If, by contrast, the answer to our first question is negative, and consequently we can see combined in Internet law both the destruens and the costruens parts emerging after the crisis of the post-Westphalian legal order, then it might be interesting to explore to what extent and especially at what level of governance a regulative approach could play a role in cyberspace.

In particular, it is important to understand whether the post-national nature of the Internet has really left behind any state ambition to regulate it or, by contrast, whether in a process of europeisation  and internationalisation of many fields of law, Internet law should represent a partial exception, because of “its national” fatal attraction.

 If the latter hypothesis were to be confirmed, then a very paradoxical scenario would emerge, a scenario in which the area of Internet law, for years considered the most emblematic expression of the limitations of national law in facing the challenges of globalisation, would, by contrast, prove to be one of the few fields of law still encapsulated in national law, in which not only a global approach, but also a transnational one risks proving not to be fully adequate.

In the attempt to find a reasonable answer to the research questions, the paper is divided into two parts, each composed of two subsections.
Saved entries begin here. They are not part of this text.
lemma infsum_swap_ennreal:
  fixes f :: "'a \<Rightarrow> 'b \<Rightarrow> ennreal"
  shows "(\<Sum>\<^sub>\<infinity>x\<in>A. \<Sum>\<^sub>\<infinity>y\<in>B. f x y) = (\<Sum>\<^sub>\<infinity>y\<in>B. \<Sum>\<^sub>\<infinity>x\<in>A. f x y)"
proof -
  have "(\<Sum>\<^sub>\<infinity>x\<in>A. \<Sum>\<^sub>\<infinity>y\<in>B. f x y) = (\<Sum>\<^sub>\<infinity>(x, y)\<in>A \<times> B. f x y)"
    by (simp add: infsum_Sigma_ennreal)
  also have "\<dots> = (\<Sum>\<^sub>\<infinity>(y, x)\<in>B \<times> A. f x y)"
    by (rule infsum_reindex_bij_witness[of _ prod.swap prod.swap]) auto
  also have "\<dots> = (\<Sum>\<^sub>\<infinity>y\<in>B. \<Sum>\<^sub>\<infinity>x\<in>A. f x y)"
    by (simp add: infsum_Sigma_ennreal)
  finally show ?thesis .
qed

lemma infsum_cmult_ennreal:
  fixes f :: "'a \<Rightarrow> ennreal"
  shows "c * infsum f A = (\<Sum>\<^sub>\<infinity>x\<in>A. c * f x)"
  by (simp add: nonneg_infsum_complete SUP_mult_left_ennreal sum_distrib_left)

lemma infsum_divide_ennreal:
  fixes f :: "'a \<Rightarrow> ennreal"
  shows "infsum f A / c = (\<Sum>\<^sub>\<infinity>x\<in>A. f x / c)"
  by (simp add: divide_ennreal_def mult.commute[of _ "inverse c"] infsum_cmult_ennreal)

lemma infsum_sum_ennreal:
  fixes f :: "'i \<Rightarrow> 'a \<Rightarrow> ennreal"
  assumes "finite I"
  shows "(\<Sum>\<^sub>\<infinity>x\<in>A. \<Sum>i\<in>I. f i x) = (\<Sum>i\<in>I. infsum (f i) A)"
  using assms by induction (simp_all add: infsum_add)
The first part of the paper will investigate the initial scholarly analysis of the main characteristics of the law of the Internet (subsection A), and how that analysis has influenced, even though only partially, the original case law of the national courts related to the identification of the relevant jurisdiction (subsection B).

In the second part of the paper, we will underline how, after some years, the first, radical, assumptions related to the presumed anarchic nature of the Internet have shown their weakness. Consequently, the relevant question is no longer whether it is possible to regulate the Net, but, very differently, how to do it. In particular, in the present second season of cyber law, the issue at the core of the actual academic, judicial and legislative debate is how to identify the best level to regulate what, some years earlier, was considered, by definition, to be an a-national phenomena.

In this respect we will try to identify the weakest points of the cyber-anarchic approach (subsection A).  We will then underline, by an analysis of case law (subsection B), how, far from being an a-national or post-national issue, the problem related to enforcement jurisdiction on the world wide web is very often at the heart of a state’s national identity.

The concluding remarks have a twofold aim. First we will explore whether and, if so, how, the future evolution of Internet law could find its place in the new transnational law era, in particular dealing with the relationship between law and technology. Secondly, a special emphasis will be given to the rise of a new fundamental right in the new season of the transnational law: the right to have access to the Internet.